In the land of the Brave, Terceira reigns supreme
More than 800 elite athletes tackled the Azores Bravos Trail on the rugged island of Terceira, immersing themselves in the volcanic landscapes, traditions, and spirit of Terceira. More than just a race, it was a journey of self-discovery.
“A hundred kilometers isn’t the same as 100 meters! There are days when I don’t even cover that distance in this van!…” José Drumond spent a few years working the land and the rest of his life driving a taxi. No matter how many times he circles his island, Terceira will still have a circumference of 90 kilometers. “You’ve got to have guts!…”

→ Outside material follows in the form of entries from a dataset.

(* Let $S$ be a compact convex subset of $\mathbb{R}^n_+$ with $0\in S$ and let $\Gamma\neq\mathbb{R}^n$ be a closed convex cone in $\mathbb{R}^n$ containing at least one point of $]0,\infty[^n$. Then $$\widehat S_\Gamma=(S-\Gamma^\circ)\cap\mathbb{R}^n_+,$$ and $\varphi_{\widehat S_\Gamma}(\xi)=\varphi_S(\xi)$ for every $\xi\in\Gamma$. Moreover, if for every $\xi\in\mathbb{R}^n$ and every extreme point $x$ of $\widehat S_\Gamma$ there exists $\eta\in\Gamma$ such that $\langle x,\xi\rangle\le\langle x,\eta\rangle$ and $\varphi_S(\eta)=\varphi_S(\xi)$, then $S=\widehat S_\Gamma$.
   Context: $\mathbb{R}_+=[0,\infty)$. For a set $T\subset\mathbb{R}^n$, $\varphi_T(\xi)=\sup_{t\in T}\langle t,\xi\rangle$. A cone is a set $\Gamma$ with $t\xi\in\Gamma$ for $\xi\in\Gamma$, $t\ge0$. The dual cone is $\Gamma^\circ=\{x\in\mathbb{R}^n\,;\,\langle x,\xi\rangle\ge0\ \forall\xi\in\Gamma\}$. The $\Gamma$-hull of $S\subset\mathbb{R}^n_+$ is $\widehat S_\Gamma=\{x\in\mathbb{R}^n_+\,;\,\langle x,\xi\rangle\le\varphi_S(\xi)\ \forall\xi\in\Gamma\}$, and $S-\Gamma^\circ=\{s-t\,;\,s\in S,t\in\Gamma^\circ\}$. *)

theory Defs
  imports "HOL-Analysis.Analysis"
begin

definition nonneg_orthant :: "(real^'n) set" where
  "nonneg_orthant = {x. \<forall>i. 0 \<le> x $ i}"

definition pos_orthant :: "(real^'n) set" where
  "pos_orthant = {x. \<forall>i. 0 < x $ i}"

definition supp_fun :: "(real^'n) set \<Rightarrow> real^'n \<Rightarrow> real" where
  "supp_fun T \<xi> = (SUP t\<in>T. t \<bullet> \<xi>)"

definition is_cone :: "(real^'n) set \<Rightarrow> bool" where
  "is_cone \<Gamma> \<longleftrightarrow> (\<forall>\<xi>\<in>\<Gamma>. \<forall>t::real. t \<ge> 0 \<longrightarrow> t *\<^sub>R \<xi> \<in> \<Gamma>)"

definition dual_cone :: "(real^'n) set \<Rightarrow> (real^'n) set" where
  "dual_cone \<Gamma> = {x. \<forall>\<xi>\<in>\<Gamma>. 0 \<le> x \<bullet> \<xi>}"

definition gamma_hull :: "(real^'n) set \<Rightarrow> (real^'n) set \<Rightarrow> (real^'n) set" where
  "gamma_hull \<Gamma> S = {x \<in> nonneg_orthant. \<forall>\<xi>\<in>\<Gamma>. x \<bullet> \<xi> \<le> supp_fun S \<xi>}"

definition set_minus_set :: "(real^'n) set \<Rightarrow> (real^'n) set \<Rightarrow> (real^'n) set" where
  "set_minus_set S T = {s - t | s t. s \<in> S \<and> t \<in> T}"

end

theory Submission
  imports Defs
begin

(*
  A point x of the orthant outside the closed convex set S - \<Gamma>\<degree> is separated from it by a
  hyperplane with normal \<xi>. Since \<Gamma>\<degree> is a cone, \<xi> lies in the bidual cone \<Gamma>\<degree>\<degree> = \<Gamma>,
  and the separation gives <x,\<xi>> > \<phi>_S(\<xi>), so x is not in the \<Gamma>-hull; the reverse
  inclusion is immediate. The support functions agree on \<Gamma> because S lies in the \<Gamma>-hull,
  on which <.,\<xi>> is bounded by \<phi>_S(\<xi>). A strictly positive vector of \<Gamma> bounds the
  \<Gamma>-hull, which is therefore the convex hull of its extreme points (Krein-Milman). An extreme
  point x outside S would be separated from S by some \<xi> with <x,\<xi>> > \<phi>_S(\<xi>); the
  hypothesis trades \<xi> for some \<eta> \<in> \<Gamma>, contradicting the defining inequality of the \<Gamma>-hull.
*)

lemma supp_fun_upper:
  fixes S :: "(real^'n) set"
  assumes "bounded S" "s \<in> S"
  shows "s \<bullet> \<xi> \<le> supp_fun S \<xi>"
proof -
  have "bounded ((\<lambda>t. t \<bullet> \<xi>) ` S)"
    using bounded_linear_image[OF assms(1) bounded_linear_inner_left] .
  then show ?thesis
    unfolding supp_fun_def using assms(2) by (intro cSUP_upper2 bounded_imp_bdd_above) auto
qed

lemma supp_fun_least:
  fixes S :: "(real^'n) set"
  assumes "S \<noteq> {}" "\<And>s. s \<in> S \<Longrightarrow> s \<bullet> \<xi> \<le> c"
  shows "supp_fun S \<xi> \<le> c"
  unfolding supp_fun_def using assms by (intro cSUP_least) auto

lemma supp_fun_uminus_le:
  fixes S :: "(real^'n) set"
  assumes "S \<noteq> {}" "\<And>s. s \<in> S \<Longrightarrow> b \<le> a \<bullet> s"
  shows "supp_fun S (- a) \<le> - b"
  using assms by (intro supp_fun_least) (auto simp: inner_commute)

lemma is_cone_inner_bounded_above_imp_nonpos:
  fixes C :: "(real^'n) set"
  assumes "is_cone C" "\<And>t. t \<in> C \<Longrightarrow> a \<bullet> t < c" "t \<in> C"
  shows "a \<bullet> t \<le> 0"
proof (rule ccontr)
  assume pos: "\<not> a \<bullet> t \<le> 0"
  define l where "l = \<bar>c\<bar> / (a \<bullet> t)"
  have "l \<ge> 0" using pos by (simp add: l_def)
  then have "a \<bullet> (l *\<^sub>R t) < c"
    using assms unfolding is_cone_def by blast
  moreover have "a \<bullet> (l *\<^sub>R t) = \<bar>c\<bar>" using pos by (simp add: l_def)
  ultimately show False by linarith
qed

lemma is_cone_dual_cone: "is_cone (dual_cone \<Gamma>)"
  unfolding is_cone_def dual_cone_def by simp

lemma convex_dual_cone: "convex (dual_cone \<Gamma>)"
  unfolding dual_cone_def convex_def by (auto simp: inner_add_left)

lemma closed_dual_cone: "closed (dual_cone \<Gamma>)"
proof -
  have "dual_cone \<Gamma> = (\<Inter>\<xi>\<in>\<Gamma>. {x. 0 \<le> x \<bullet> \<xi>})" unfolding dual_cone_def by blast
  then show ?thesis by (auto intro!: closed_INT closed_Collect_le continuous_intros)
qed

lemma dual_cone_dual_cone:
  fixes \<Gamma> :: "(real^'n) set"
  assumes "is_cone \<Gamma>" "closed \<Gamma>" "convex \<Gamma>" "\<Gamma> \<noteq> {}"
  shows "dual_cone (dual_cone \<Gamma>) = \<Gamma>"
proof
  show "\<Gamma> \<subseteq> dual_cone (dual_cone \<Gamma>)"
    unfolding dual_cone_def by (auto simp: inner_commute)
next
  show "dual_cone (dual_cone \<Gamma>) \<subseteq> \<Gamma>"
  proof
    fix \<xi> assume \<xi>: "\<xi> \<in> dual_cone (dual_cone \<Gamma>)"
    show "\<xi> \<in> \<Gamma>"
    proof (rule ccontr)
      assume "\<xi> \<notin> \<Gamma>"
      then obtain a b where sep: "a \<bullet> \<xi> < b" "\<And>x. x \<in> \<Gamma> \<Longrightarrow> b < a \<bullet> x"
        using separating_hyperplane_closed_point[OF assms(3,2)] by blast
      have "0 \<in> \<Gamma>"
        using assms(1,4) unfolding is_cone_def by (metis ex_in_conv order_refl scaleR_zero_left)
      then have "b < 0" using sep(2) by force
      have "(- a) \<bullet> x \<le> 0" if "x \<in> \<Gamma>" for x
        using is_cone_inner_bounded_above_imp_nonpos[OF assms(1) _ that, of "- a" "- b"] sep(2)
        by force
      then have "a \<in> dual_cone \<Gamma>" unfolding dual_cone_def by simp
      then have "0 \<le> \<xi> \<bullet> a" using \<xi> unfolding dual_cone_def by blast
      then show False using sep(1) \<open>b < 0\<close> by (simp add: inner_commute)
    qed
  qed
qed

lemma set_minus_set_eq_differences:
  "set_minus_set S T = (\<Union>x\<in>S. \<Union>y\<in>T. {x - y})"
  unfolding set_minus_set_def by blast

lemma convex_set_minus_set: "convex S \<Longrightarrow> convex T \<Longrightarrow> convex (set_minus_set S T)"
  unfolding set_minus_set_eq_differences by (rule convex_differences)

lemma closed_set_minus_set: "compact S \<Longrightarrow> closed T \<Longrightarrow> closed (set_minus_set S T)"
  unfolding set_minus_set_eq_differences by (rule compact_closed_differences)

lemma set_minus_dual_cone_subset_gamma_hull:
  fixes S \<Gamma> :: "(real^'n) set"
  assumes "bounded S"
  shows "set_minus_set S (dual_cone \<Gamma>) \<inter> nonneg_orthant \<subseteq> gamma_hull \<Gamma> S"
proof
  fix x assume x: "x \<in> set_minus_set S (dual_cone \<Gamma>) \<inter> nonneg_orthant"
  then obtain s t where st: "x = s - t" "s \<in> S" "t \<in> dual_cone \<Gamma>"
    unfolding set_minus_set_def by blast
  have "x \<bullet> \<xi> \<le> supp_fun S \<xi>" if "\<xi> \<in> \<Gamma>" for \<xi>
  proof -
    have "x \<bullet> \<xi> \<le> s \<bullet> \<xi>"
      using st that by (simp add: dual_cone_def inner_diff_left)
    also have "\<dots> \<le> supp_fun S \<xi>" using supp_fun_upper[OF assms st(2)] .
    finally show ?thesis .
  qed
  then show "x \<in> gamma_hull \<Gamma> S" using x unfolding gamma_hull_def by blast
qed

lemma gamma_hull_subset_set_minus_dual_cone:
  fixes S \<Gamma> :: "(real^'n) set"
  assumes "compact S" "convex S" "S \<noteq> {}"
    and "is_cone \<Gamma>" "closed \<Gamma>" "convex \<Gamma>" "\<Gamma> \<noteq> {}"
  shows "gamma_hull \<Gamma> S \<subseteq> set_minus_set S (dual_cone \<Gamma>) \<inter> nonneg_orthant"
proof
  fix x assume xH: "x \<in> gamma_hull \<Gamma> S"
  have "x \<in> set_minus_set S (dual_cone \<Gamma>)"
  proof (rule ccontr)
    assume "x \<notin> set_minus_set S (dual_cone \<Gamma>)"
    then obtain a b where sep: "a \<bullet> x < b"
      "\<And>y. y \<in> set_minus_set S (dual_cone \<Gamma>) \<Longrightarrow> b < a \<bullet> y"
      using separating_hyperplane_closed_point[OF convex_set_minus_set[OF assms(2) convex_dual_cone]
          closed_set_minus_set[OF assms(1) closed_dual_cone]] by blast
    have sep': "b < a \<bullet> s - a \<bullet> t" if "s \<in> S" "t \<in> dual_cone \<Gamma>" for s t
      using sep(2)[of "s - t"] that unfolding set_minus_set_def by (auto simp: inner_diff_right)
    obtain s0 where "s0 \<in> S" using assms(3) by blast
    have "a \<bullet> t \<le> 0" if "t \<in> dual_cone \<Gamma>" for t
      using is_cone_inner_bounded_above_imp_nonpos[OF is_cone_dual_cone _ that, of a "a \<bullet> s0 - b"]
        sep' \<open>s0 \<in> S\<close> by force
    then have "- a \<in> dual_cone (dual_cone \<Gamma>)"
      unfolding dual_cone_def by (auto simp: inner_commute)
    then have "- a \<in> \<Gamma>" using dual_cone_dual_cone[OF assms(4-7)] by simp
    have "b < a \<bullet> s" if "s \<in> S" for s
      using sep'[OF that, of 0] by (simp add: dual_cone_def)
    then have "supp_fun S (- a) \<le> - b"
      using assms(3) by (intro supp_fun_uminus_le) (auto simp: less_imp_le)
    then have "x \<bullet> (- a) \<le> - b" using xH \<open>- a \<in> \<Gamma>\<close> unfolding gamma_hull_def by fastforce
    then show False using sep(1) by (simp add: inner_commute)
  qed
  then show "x \<in> set_minus_set S (dual_cone \<Gamma>) \<inter> nonneg_orthant"
    using xH unfolding gamma_hull_def by blast
qed

lemma subset_gamma_hull:
  fixes S \<Gamma> :: "(real^'n) set"
  assumes "bounded S" "S \<subseteq> nonneg_orthant"
  shows "S \<subseteq> gamma_hull \<Gamma> S"
  unfolding gamma_hull_def using assms supp_fun_upper by blast

lemma supp_fun_gamma_hull:
  fixes S \<Gamma> :: "(real^'n) set"
  assumes "bounded S" "S \<subseteq> nonneg_orthant" "S \<noteq> {}" "\<xi> \<in> \<Gamma>"
  shows "supp_fun (gamma_hull \<Gamma> S) \<xi> = supp_fun S \<xi>"
proof (rule antisym)
  have SH: "S \<subseteq> gamma_hull \<Gamma> S" using subset_gamma_hull[OF assms(1,2)] .
  then show "supp_fun (gamma_hull \<Gamma> S) \<xi> \<le> supp_fun S \<xi>"
    using assms(3,4) by (intro supp_fun_least) (auto simp: gamma_hull_def)
  have "bdd_above ((\<lambda>t. t \<bullet> \<xi>) ` gamma_hull \<Gamma> S)"
    using assms(4) unfolding bdd_above_def gamma_hull_def by blast
  then show "supp_fun S \<xi> \<le> supp_fun (gamma_hull \<Gamma> S) \<xi>"
    using assms(3) SH unfolding supp_fun_def by (intro cSUP_least cSUP_upper2) auto
qed

lemma convex_gamma_hull: "convex (gamma_hull \<Gamma> S)"
proof -
  have "gamma_hull \<Gamma> S = {x. \<forall>i. 0 \<le> x $ i} \<inter> (\<Inter>\<xi>\<in>\<Gamma>. {x. \<xi> \<bullet> x \<le> supp_fun S \<xi>})"
    unfolding gamma_hull_def nonneg_orthant_def by (auto simp: inner_commute)
  moreover have "convex {x::real^'n. \<forall>i. 0 \<le> x $ i}"
    by (rule convex_box_cart) (simp add: atLeast_def[symmetric])
  ultimately show ?thesis by (auto intro!: convex_Int convex_INT convex_halfspace_le)
qed

lemma closed_gamma_hull: "closed (gamma_hull \<Gamma> S)"
proof -
  have "gamma_hull \<Gamma> S = (\<Inter>i. {x. 0 \<le> x $ i}) \<inter> (\<Inter>\<xi>\<in>\<Gamma>. {x. x \<bullet> \<xi> \<le> supp_fun S \<xi>})"
    unfolding gamma_hull_def nonneg_orthant_def by blast
  then show ?thesis by (auto intro!: closed_Int closed_INT closed_Collect_le continuous_intros)
qed

lemma bounded_gamma_hull:
  fixes S \<Gamma> :: "(real^'n) set"
  assumes "\<Gamma> \<inter> pos_orthant \<noteq> {}"
  shows "bounded (gamma_hull \<Gamma> S)"
proof -
  obtain p where p: "p \<in> \<Gamma>" "\<And>i. 0 < p $ i"
    using assms unfolding pos_orthant_def by blast
  have "gamma_hull \<Gamma> S \<subseteq> cbox 0 (\<chi> i. supp_fun S p / p $ i)"
  proof
    fix x assume xH: "x \<in> gamma_hull \<Gamma> S"
    have nonneg: "\<And>j. 0 \<le> x $ j" using xH unfolding gamma_hull_def nonneg_orthant_def by blast
    have "x $ i \<le> supp_fun S p / p $ i" for i
    proof -
      have "x $ i * p $ i \<le> (\<Sum>j\<in>UNIV. x $ j * p $ j)"
        using nonneg p(2) by (intro member_le_sum) (auto simp: less_imp_le)
      also have "\<dots> = x \<bullet> p" by (simp add: inner_vec_def)
      also have "\<dots> \<le> supp_fun S p" using xH p(1) unfolding gamma_hull_def by blast
      finally show ?thesis using p(2) by (simp add: pos_le_divide_eq)
    qed
    then show "x \<in> cbox 0 (\<chi> i. supp_fun S p / p $ i)" using nonneg by (simp add: mem_box_cart)
  qed
  then show ?thesis using bounded_cbox bounded_subset by blast
qed
(* There is an absolute constant $c>0$ such that for every integer $f\ge1$ and every real $x\ge3$, $$\sum_{\substack{p\ \text{prime},\ f^2\le p\le x\\ p\equiv1 \pmod f}}\frac{1}{p\log(3x/p)}\le c\,\frac{\log\log x}{\varphi(f)\log x}.$$
   Context: $\varphi$ denotes Euler's totient function. *)

theory Defs
  imports "HOL-Analysis.Analysis" "HOL-Number_Theory.Number_Theory"
begin

end

(*
  Selberg's upper bound sieve, sifting by the primes up to z = t^(1/10) that do not divide f,
  gives a Brun-Titchmarsh bound: there are at most 40 t / (phi(f) log t) primes p <= t with
  p = 1 (mod f) and p >= f^2.  The main term is t / (f G), where
  G = sum of mu(d)^2 / phi(d) over d <= z coprime to f satisfies G >= (phi(f) / f) log z,
  and the remainder is O(z^4).

  Group the primes p <= x according to the dyadic block 2^j <= x/p < 2^(j+1), j < K = floor(log2 x).
  In block j we have log(3x/p) >= (j+1) log 2 and, by the bound above with t = x/2^j,
  the block contributes O(1 / (phi(f) (j+1) (K-j))).  Summing over j gives
  O(H_K / (phi(f) K)) = O(log log x / (phi(f) log x)), H_K being the harmonic number.
*)

theory Submission
  imports Defs
begin

lemma sum_Pow_neg_one_power:
  assumes "finite A"
  shows "(\<Sum>X\<in>Pow A. (-1::'b::comm_ring_1) ^ card X) = (if A = {} then 1 else 0)"
proof -
  have "(\<Sum>X\<in>Pow A. (-1::'b) ^ card X) = (\<Prod>x\<in>A. -1 + 1)"
    using prod_add[OF assms, of "\<lambda>_. -1::'b" "\<lambda>_. 1"] by simp
  then show ?thesis using assms by (simp add: power_0_left)
qed

lemma sum_subsets_between_neg_one_power:
  assumes "finite R" "T \<subseteq> R"
  shows "(\<Sum>S | T \<subseteq> S \<and> S \<subseteq> R. (-1::'b::comm_ring_1) ^ card (R - S)) = (if R = T then 1 else 0)"
proof -
  have "(\<Sum>S | T \<subseteq> S \<and> S \<subseteq> R. (-1::'b) ^ card (R - S)) = (\<Sum>X\<in>Pow (R - T). (-1) ^ card X)"
    by (rule sum.reindex_bij_witness[where i="\<lambda>X. R - X" and j="\<lambda>S. R - S"]) (use assms in auto)
  also have "\<dots> = (if R = T then 1 else 0)"
    using assms by (subst sum_Pow_neg_one_power) auto
  finally show ?thesis .
qed

lemma prod_distinct_primes_dvd:
  fixes S :: "nat set"
  assumes "finite S" "\<And>p. p \<in> S \<Longrightarrow> prime p" "\<And>p. p \<in> S \<Longrightarrow> p dvd n"
  shows "\<Prod>S dvd n"
  using assms
proof (induction S rule: finite_induct)
  case (insert p S)
  have "\<not> p dvd \<Prod>S"
  proof
    assume "p dvd \<Prod>S"
    then obtain q where "q \<in> S" "p dvd q"
      using insert.hyps(1) insert.prems(1) by (auto simp: prime_dvd_prod_iff)
    then show False using insert by (metis insert_iff primes_dvd_imp_eq)
  qed
  then have "coprime p (\<Prod>S)"
    using insert.prems(1) by (auto intro: prime_imp_coprime)
  with insert show ?case by (simp add: divides_mult)
qed simp

lemma prime_factors_prod_distinct_primes:
  fixes S :: "nat set"
  assumes "finite S" "\<And>p. p \<in> S \<Longrightarrow> prime p"
  shows "prime_factors (\<Prod>S) = S"
proof -
  have "prime_factors (\<Prod>S) = (\<Union>p\<in>S. prime_factors p)"
    using assms by (subst prime_factors_prod) (auto dest: prime_gt_0_nat)
  also have "\<dots> = S" using assms by (auto simp: prime_prime_factors)
  finally show ?thesis .
qed

lemma prod_union_dvd_iff:
  fixes S1 S2 :: "nat set"
  assumes "finite S1" "finite S2" "\<And>p. p \<in> S1 \<union> S2 \<Longrightarrow> prime p"
  shows "\<Prod>(S1 \<union> S2) dvd n \<longleftrightarrow> \<Prod>S1 dvd n \<and> \<Prod>S2 dvd n"
proof
  assume "\<Prod>(S1 \<union> S2) dvd n"
  moreover have "\<Prod>S1 dvd \<Prod>(S1 \<union> S2)" "\<Prod>S2 dvd \<Prod>(S1 \<union> S2)"
    using assms by (auto intro: prod_dvd_prod_subset)
  ultimately show "\<Prod>S1 dvd n \<and> \<Prod>S2 dvd n" by (meson dvd_trans)
next
  assume "\<Prod>S1 dvd n \<and> \<Prod>S2 dvd n"
  then have "p dvd n" if "p \<in> S1 \<union> S2" for p
    using that assms by (meson Un_iff dvd_prodI dvd_trans)
  then show "\<Prod>(S1 \<union> S2) dvd n" using assms by (intro prod_distinct_primes_dvd) auto
qed

lemma card_residue_class_block:
  fixes m r k :: nat
  assumes "r < m"
  shows "card {n \<in> {k<..k+m}. n mod m = r} = 1"
proof -
  define I where "I = {k<..k+m}"
  have inj: "inj_on (\<lambda>n. n mod m) I"
  proof (rule linorder_inj_onI)
    fix n1 n2 assume "n1 < n2" "n1 \<in> I" "n2 \<in> I"
    then have "0 < n2 - n1" "n2 - n1 < m" unfolding I_def by auto
    then have "\<not> m dvd n2 - n1" by (auto dest: dvd_imp_le)
    then show "n1 mod m \<noteq> n2 mod m" using \<open>n1 < n2\<close> mod_eq_dvd_iff_nat[of n1 n2 m] by simp
  qed auto
  have "card ((\<lambda>n. n mod m) ` I) = card {..<m}"
    using card_image[OF inj] unfolding I_def by simp
  then have "(\<lambda>n. n mod m) ` I = {..<m}"
    using assms by (intro card_subset_eq) auto
  then obtain n0 where n0: "n0 \<in> I" "n0 mod m = r" using assms by (metis image_iff lessThan_iff)
  then have "{n \<in> I. n mod m = r} = {n0}"
    using inj unfolding inj_on_def by auto
  then show ?thesis unfolding I_def by simp
qed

It takes courage for someone, at midnight, to follow the rocket’s trail and spend more than half a day running 100 kilometers, winding through the wildest and most serene island of the Azores, treading on moss and cobblestone streets, tufts of soft grass, muddy ditches and rugged rocks, facing the wind and the shifting weather on the hilltops, with the scent of fresh figs and cow dung, with the island’s green seeping into your eyes and the red of the earth and the voices heard in the distance — for on this island, there are no secrets.
With a fiery spirit and a garden-like charm, Terceira is at the mercy of super-athletes—men and women, tall and short, young and old—who have left home to run with no end in sight, with legs of iron and hearts of cotton — for life is like a box of chocolates. The island is for those who dare. Strength in the muscles, courage in the heart. Steep climbs, healing views, no audience, no spotlights. More than 800 people set out on this Azores Bravos Trail (AzBT) —they crossedthe finish line a little more human.
“Personal growth,” replies Márcia Pavão, with the whole night ahead of her to run and think about work, family, and life. “I think, ‘What am I doing here?!’” she smiles. “It’s a sport,” sums up Bruno Matos, race director, “but it’s more than just a sport.” There are woods and forests, gigantic tunnels of cryptomeria trees, cliffs, and dormant volcanoes — Rocha do Chambre, Algar do Carvão, Mistérios Negros, Furnas do Enxofre, Angra do Heroísmo. “Every kilometer is a tribute to the beauty of Terceira Island,” says Bruno. Among the four distances (100, 65, 35, and 15 kilometers), 250 local participants are taking part. “Many are passing through these places for the first time…”
Bravos is also a tribute to the bravery of the people of Terceira, to the legend of Brianda, who, at the Battle of Salga, set the bulls loose against the thousand Spaniards who, on July 25, 1581, landed in Salga Bay; to the people who turn the alleys into celebrations and who weave language with geography. “No one gets lost here. You can always see the sea.” Between José Machado and the alleys lies a labyrinth of small enclosures, which contain low-growing vines scorched by the sea air. “There’s very little vineyard work because it yields absolutely nothing. Just for the fun of it…” Verdelho, the only traditional grape variety of the Azores, “is disappearing.” The sea is to blame—“on days of high tide, I wipe the windowpane with a steak and it gets seasoned”—and those who forget the basaltic lava soil that resembles broken cookies and pieces of stale bread and that cuts the skin of those who pass by in a hurry.
The term “biscoitos” was borrowed to describe a natural feature that, in turn, became the name of a planted seaside area. “Verdelho is a fantastic thing,” adds Telmo Costa, in the midst of the Vinho-de-Cheiro harvest, commonly known as Isabel. “People want things transformed, and we lose sight of what’s essential. These vineyards belonged to my godfather, who spent his whole life as a winemaker; today that’s unthinkable…”
In this, there’s a trail race that’s both lost—and won—across the island. There are cows of every color taking precedence, tourists searching for landmarks on the map of an island going through growing pains, Hugo milking the goats, and festive alleyways filled with bulls tied up because they’re fierce.